Paul Vacca
Ron Galella, photographe à l’ombre des stars
Comme au 18e siècle où la mouche, ce petit morceau de taffetas noir que l’on collait sur son visage, servait à rehausser la blancheur du teint, la photo floue en noir et blanc des paparazzi au 20e siècle rehausse l’éclat d’une star.
Ron Galella, une grande figure de la photographie, s’est éteint le 30 avril dernier à l’âge de 91 ans. Pour lui, “prendre une photo”, comme il l’expliqua au National Post en 2010, “revenait à capturer un sentiment”. Il évoquait son maître Henri Cartier-Bresson qui parlait de “moment décisif” dans l’art du portrait, avouant que c’était précisément ce que lui aussi “avait toujours cherché à capturer durant toute sa carrière”.
Ses portraits pris sur le vif ont fait le tour du monde, repris par de multiples magazines. Sous son objectif ont posé les plus grandes figures de la dernière moitié du 20e siècle: Greta Garbo dans les rues de New York, Diane von Furstenberg au Studio 54 (une discothèque qu’il appréciait particulièrement), Jack Nicholson, Warren Beatty, Mick Jagger, Elizabeth Taylor, le duc et la duchesse d’York, Donald Trump, Andy Warhol, et tant d’autres.

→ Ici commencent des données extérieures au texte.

(* Let $(H,\Lambda,\lambda)$ be an integral Hopf algebra in a strict symmetric monoidal category $\mathcal{C}$, with multiplication $\mu$, comultiplication $\Delta$ and antipode $s$. Define $\beta:=\lambda\circ\mu\colon H\otimes H\to I$ and $\gamma:=(s\otimes\mathrm{id}_H)\circ\Delta\circ\Lambda\colon I\to H\otimes H$. Then $H$ is nondegenerate, i.e. both $(\mathrm{id}_H\otimes\beta)\circ(\gamma\otimes\mathrm{id}_H)=\mathrm{id}_H$ and $(\beta\otimes\mathrm{id}_H)\circ(\mathrm{id}_H\otimes\gamma)=\mathrm{id}_H$ hold, if and only if $\lambda\circ s\circ\Lambda=\mathrm{id}_I$.
   Context: $\mathcal{C}$ is a strict symmetric monoidal category with unit object $I$ and symmetry $\sigma$. A Hopf algebra $(H,\mu,\eta,\Delta,\varepsilon,s)$ in $\mathcal{C}$ consists of an object $H$, an associative unital monoid $\mu\colon H\otimes H\to H$, $\eta\colon I\to H$, a coassociative counital comonoid $\Delta\colon H\to H\otimes H$, $\varepsilon\colon H\to I$, satisfying $\Delta\circ\mu=(\mu\otimes\mu)\circ(\mathrm{id}_H\otimes\sigma_{H,H}\otimes\mathrm{id}_H)\circ(\Delta\otimes\Delta)$, $\Delta\circ\eta=\eta\otimes\eta$, $\varepsilon\circ\mu=\varepsilon\otimes\varepsilon$, $\varepsilon\circ\eta=\mathrm{id}_I$, and an antipode $s\colon H\to H$ with $\mu\circ(s\otimes\mathrm{id}_H)\circ\Delta=\eta\circ\varepsilon=\mu\circ(\mathrm{id}_H\otimes s)\circ\Delta$. A left cointegral is a point $\Lambda\colon I\to H$ with $\mu\circ(\Lambda\otimes\mathrm{id}_H)=\Lambda\circ\varepsilon$; a right integral is a copoint $\lambda\colon H\to I$ with $(\mathrm{id}_H\otimes\lambda)\circ\Delta=\eta\circ\lambda$. An integral Hopf algebra $(H,\Lambda,\lambda)$ is a Hopf algebra with a chosen left cointegral $\Lambda$ and right integral $\lambda$ such that $\lambda\circ\Lambda=\mathrm{id}_I$. *)

theory Defs
  imports Main
begin

text \<open>Composition sm_comp g f (= g after f)
is meaningful when the codomain of f is the domain of g.\<close>

record ('o, 'm) smc =
  sm_dom   :: "'m \<Rightarrow> 'o"
  sm_cod   :: "'m \<Rightarrow> 'o"
  sm_comp  :: "'m \<Rightarrow> 'm \<Rightarrow> 'm"
  sm_id    :: "'o \<Rightarrow> 'm"
  sm_otens :: "'o \<Rightarrow> 'o \<Rightarrow> 'o"
  sm_tens  :: "'m \<Rightarrow> 'm \<Rightarrow> 'm"
  sm_unit  :: "'o"
  sm_sym   :: "'o \<Rightarrow> 'o \<Rightarrow> 'm"

definition strict_symmetric_monoidal_category :: "('o, 'm) smc \<Rightarrow> bool" where
  "strict_symmetric_monoidal_category C \<longleftrightarrow>
     \<comment> \<open>category axioms\<close>
     (\<forall>f g. sm_cod C f = sm_dom C g \<longrightarrow>
         sm_dom C (sm_comp C g f) = sm_dom C f \<and> sm_cod C (sm_comp C g f) = sm_cod C g) \<and>
     (\<forall>f g h. sm_cod C f = sm_dom C g \<and> sm_cod C g = sm_dom C h \<longrightarrow>
         sm_comp C h (sm_comp C g f) = sm_comp C (sm_comp C h g) f) \<and>
     (\<forall>a. sm_dom C (sm_id C a) = a \<and> sm_cod C (sm_id C a) = a) \<and>
     (\<forall>f. sm_comp C f (sm_id C (sm_dom C f)) = f \<and> sm_comp C (sm_id C (sm_cod C f)) f = f) \<and>
     \<comment> \<open>tensor is a bifunctor\<close>
     (\<forall>f g. sm_dom C (sm_tens C f g) = sm_otens C (sm_dom C f) (sm_dom C g) \<and>
            sm_cod C (sm_tens C f g) = sm_otens C (sm_cod C f) (sm_cod C g)) \<and>
     (\<forall>a b. sm_tens C (sm_id C a) (sm_id C b) = sm_id C (sm_otens C a b)) \<and>
     (\<forall>f g f' g'. sm_cod C f = sm_dom C g \<and> sm_cod C f' = sm_dom C g' \<longrightarrow>
         sm_tens C (sm_comp C g f) (sm_comp C g' f') =
         sm_comp C (sm_tens C g g') (sm_tens C f f')) \<and>
     \<comment> \<open>strictness\<close>
     (\<forall>a b c. sm_otens C (sm_otens C a b) c = sm_otens C a (sm_otens C b c)) \<and>
     (\<forall>a. sm_otens C (sm_unit C) a = a \<and> sm_otens C a (sm_unit C) = a) \<and>
     (\<forall>f g h. sm_tens C (sm_tens C f g) h = sm_tens C f (sm_tens C g h)) \<and>
     (\<forall>f. sm_tens C (sm_id C (sm_unit C)) f = f \<and> sm_tens C f (sm_id C (sm_unit C)) = f) \<and>
     \<comment> \<open>symmetry: natural, involutive, hexagon\<close>
     (\<forall>a b. sm_dom C (sm_sym C a b) = sm_otens C a b \<and> sm_cod C (sm_sym C a b) = sm_otens C b a) \<and>
     (\<forall>f g. sm_comp C (sm_sym C (sm_cod C f) (sm_cod C g)) (sm_tens C f g) =
            sm_comp C (sm_tens C g f) (sm_sym C (sm_dom C f) (sm_dom C g))) \<and>
     (\<forall>a b. sm_comp C (sm_sym C b a) (sm_sym C a b) = sm_id C (sm_otens C a b)) \<and>
     (\<forall>a b c. sm_sym C a (sm_otens C b c) =
         sm_comp C (sm_tens C (sm_id C b) (sm_sym C a c)) (sm_tens C (sm_sym C a b) (sm_id C c)))"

Il racontera plus tard sa séance en 1973 avec Marlon Brando. Alors que la nuit tombait sur Manhattan, après avoir attendu l’acteur toute la journée, celui-ci arrive enfin. Sans crier gare, la star lui administre un crochet qui fait voler en éclats cinq dents et lui fracasse la mâchoire. Lorsque le photographe le croisera à nouveau, quelque temps après, il portera alors un casque de footballeur américain. Les risques du métier.
Ron Galella, photographe à l’ombre des stars
Car Ron Galella, né dans le Bronx en 1931 de parents immigrés italiens, photographiait les personnalités à leur insu. Il était ce que l’on nommera plus tard un paparazzo – “moustique bruyant” en italien dialectal -, appellation que l’on doit à Federico Fellini qui dans son film La Dolce Vita donnera pour patronyme Paparazzo au jeune photographe accompagnant Marcello Mastroianni.
Galella ne fut pas le premier des paparazzi. Mais il exerça cette discipline en pionnier, avec passion et créativité, mêlant l’instinct du chasseur, la pugnacité du reporter de guerre et le sens du cadre d’un metteur en scène. Son modèle fétiche fut Jacqueline Onassis pour qui il nourrissait un amour éperdu, allant jusqu’à s’infiltrer sur son yacht déguisé en marin – avec fausse moustache et perruque. Un amour peu payé en retour puisque Jackie lui intenta un procès l’obligeant à se tenir à une distance de 8 mètres minimum.
Ce qu’il ne respecta pas. Il était convaincu que ses sujets avaient besoin de son objectif et que leur aura s’en trouvait magnifiée. Et peut-être était-ce vrai après tout? Car ses photos volées ont participé aussi, à leur manière, à construire la légende de ses modèles, alors au firmament de leur célébrité. Que serait une star sans une photo volée? Comme au 18e siècle où la mouche, ce petit morceau de taffetas noir que l’on collait sur son visage, servait à rehausser la blancheur du teint, la photo floue en noir et blanc des paparazzi au 20e siècle rehausse l’éclat d’une star. Comme il n’existe pas finalement de lumière sans ombre, il n’y a pas de gloire sans la possibilité de la chute. Hollywood surexposait ses stars dans la lumière des spotlights ; Galella sculptait leur part d’ombre révélant leur versant terrestre. Chaque cliché racontait en contrepoint le prix à payer pour chaque ascension en fixant sur la pellicule son pacte faustien.
Mais ça, bien sûr, c’était avant: avant la fast-célébrité de la télé et d’internet ; avant que les photos ou vidéos volées ne cherchent pas seulement à piéger les modèles, mais à les humilier ; avant que cette pratique ne soit ubérisée, viralisée, vulgarisée sur les réseaux sociaux. Alors, Ron quittera l’ombre pour la lumière, publiera 22 livres, vivra adulé dans une villa hollywoodienne dans le New Jersey, foulera les tapis rouges… Un chasseur heureux de rejoindre enfin ses proies.